Luego fue lo del hijo del cartero. Ella parada en la talanquera viéndolo venir pedaleando delante de una nube de polvo y casi cuando lo tenía ahí, se apareció Pepín y dale que a mirarlo también. Después se dio cuenta que algo raro había pasado, la nube blanca se congeló en el tiempo y hombre y bicicleta, colgados frente al portón de la finca de la mulata Tomasa, y por mucho que encogió Mercedes los ojos en la distancia, la puerta del bohío se abrió un instante y luego permaneció cerrada a cal y canto, por los siglos de los siglos, eso sí, el colmillo suelto entre los labios retorcidos de Pepín brilló burlesco toda la tarde.
Cuando llegaron de la capital las primas de Pepe Ortiagas, el dueño de casa salió al patio y pasó un rápido balance para determinar las posibles víctimas del almuerzo. Pepín no estaba, había ido a reparar la cerca por donde los choferes de paso, se metían a robar yucas.
La puerca blanca a lo lejos, colgada y afeitada, ofrecía un espectáculo alucinador, así la vio Pepín. Se acercó despacio y cuando la realidad se le metió ojos adentro, lanzó los instrumentos que traía consigo, lleno de rabia. Por unos instantes estuvieron lloviendo clavos y puntillas. A los alaridos todos salieron al patio, viendo a Pepín que se revolcaba en la sangraza que goteaba del animal. Lo levantaron y casi a empujones lo sentaron y le dieron un jarro de agua, pero eso no lo tranquilizó, los mocos se confundieron con las lágrimas y las convulsiones estremecieron el taburete.
Pepe Ortiagas se plantó frente a Pepín y cuando su mano se iba a apoyar en los cabellos húmedos para buscar la palabra adecuada y calmarlo, éste pateó el piso y volcando el asiento echó a correr hacia la portada. Pepe Ortiagas lo siguió, no tuvo que correr mucho, justamente al terminar el campo de maíz, debajo del algarrobo se detuvo Pepín.
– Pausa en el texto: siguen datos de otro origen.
(* Let $n\ge3$ and $s\ge1$ be integers. Then $p_{2s}(n,2sd)\to\infty$ as $d\to\infty$.
   Context: $\mathbb{R}[x_1,\dots,x_n]_e$ denotes the real vector space of homogeneous polynomials (forms) of degree $e$ in $n$ variables. For integers $n,m,d\ge1$, let $\Sigma^m_{n,md}\subset\mathbb{R}[x_1,\dots,x_n]_{md}$ be the set of forms $f=\sum_{i=1}^r f_i^m$ with $r\in\mathbb{N}$ and $f_i\in\mathbb{R}[x_1,\dots,x_n]_d$. The homogeneous Pythagoras number $p_m(n,md)$ is the minimal $\ell$ such that every $f\in\Sigma^m_{n,md}$ admits such a representation with $r\le\ell$. *)

theory Defs
  imports Complex_Main "HOL-Library.Poly_Mapping" "HOL-Library.Extended_Nat"
begin

text \<open>Real polynomials in the variables x_0, x_1, ... : a monomial is a finitely
supported exponent vector (type nat =>0 nat), a polynomial is a finitely supported
coefficient map on monomials.\<close>

type_synonym rpoly = "(nat \<Rightarrow>\<^sub>0 nat) \<Rightarrow>\<^sub>0 real"

definition mon_deg :: "(nat \<Rightarrow>\<^sub>0 nat) \<Rightarrow> nat" where
  "mon_deg m = (\<Sum>i\<in>Poly_Mapping.keys m. Poly_Mapping.lookup m i)"

definition is_form :: "nat \<Rightarrow> nat \<Rightarrow> rpoly \<Rightarrow> bool" where
  "is_form n e f \<longleftrightarrow> (\<forall>m\<in>Poly_Mapping.keys f. mon_deg m = e \<and> (\<forall>i\<in>Poly_Mapping.keys m. i < n))"

definition sum_powers_rep :: "nat \<Rightarrow> nat \<Rightarrow> nat \<Rightarrow> nat \<Rightarrow> rpoly \<Rightarrow> bool" where
  "sum_powers_rep m n d r f \<longleftrightarrow>
     (\<exists>fs. length fs = r \<and> (\<forall>g\<in>set fs. is_form n d g) \<and> f = sum_list (map (\<lambda>g. g ^ m) fs))"

definition SigmaPow :: "nat \<Rightarrow> nat \<Rightarrow> nat \<Rightarrow> rpoly set" where
  "SigmaPow m n d = {f. \<exists>r. sum_powers_rep m n d r f}"

text \<open>Homogeneous Pythagoras number p_m(n, md) (infinity if no finite bound exists).\<close>
definition pyth :: "nat \<Rightarrow> nat \<Rightarrow> nat \<Rightarrow> enat" where
  "pyth m n d = Inf {enat l | l. \<forall>f\<in>SigmaPow m n d. \<exists>r\<le>l. sum_powers_rep m n d r f}"

end

theory Submission
  imports Defs "HOL-Analysis.Analysis" "HOL-Library.Function_Algebras"
    "HOL-Computational_Algebra.Polynomial"
begin

text \<open>
  Let l_k = x_0 + k x_1 + k^2 x_2 for k = 0..d, let H_j be the product of all l_k with k \<noteq> j,
  and suppose that the sum of the H_j^(2s) equals a sum of r powers g_i^(2s) of forms of degree d.
  In the plane x_2 = 1 the l_k cut out d + 1 lines in general position. On the line l_j = 0 every
  H_m with m \<noteq> j vanishes, so each g_i vanishes at the d points where the other lines cross it and
  hence g_i = e_ij H_j on that line. Where the lines j and k cross, all forms vanish, and comparing
  first-order terms of the identity there yields sum_i (e_ij + \<tau> e_ik)^(2s) = 1 + \<tau>^(2s).
  Differentiating in \<tau> shows that the vectors (e_ij)_i and (e_ik^(2s-1))_i of R^r form a
  biorthogonal system of size d + 1, so r \<ge> d + 1.
\<close>

section \<open>Evaluation of polynomials and forms\<close>

definition eval_mon :: "(nat \<Rightarrow>\<^sub>0 nat) \<Rightarrow> (nat \<Rightarrow> real) \<Rightarrow> real" where
  "eval_mon m x = (\<Prod>i\<in>Poly_Mapping.keys m. x i ^ Poly_Mapping.lookup m i)"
Más tarde con un desaforado movimiento se arrodilló en la tierra y empezó a escarbar. Pepe Ortiagas se paró detrás de la sombra de su hijo, con el corazón amenazando en romperse por el esfuerzo de la carrera.
En el hueco recién abierto había residuos de pellejos, y el esqueleto de un animal pequeño, pero cuando Pepe Ortiagas dilató los ojos y las manos de Pepín dejaron de moverse, adivinó una cabecita humana y hasta las paticas ya putrefactas, le parecieron demasiado largas para ser las de un cerdito blanco.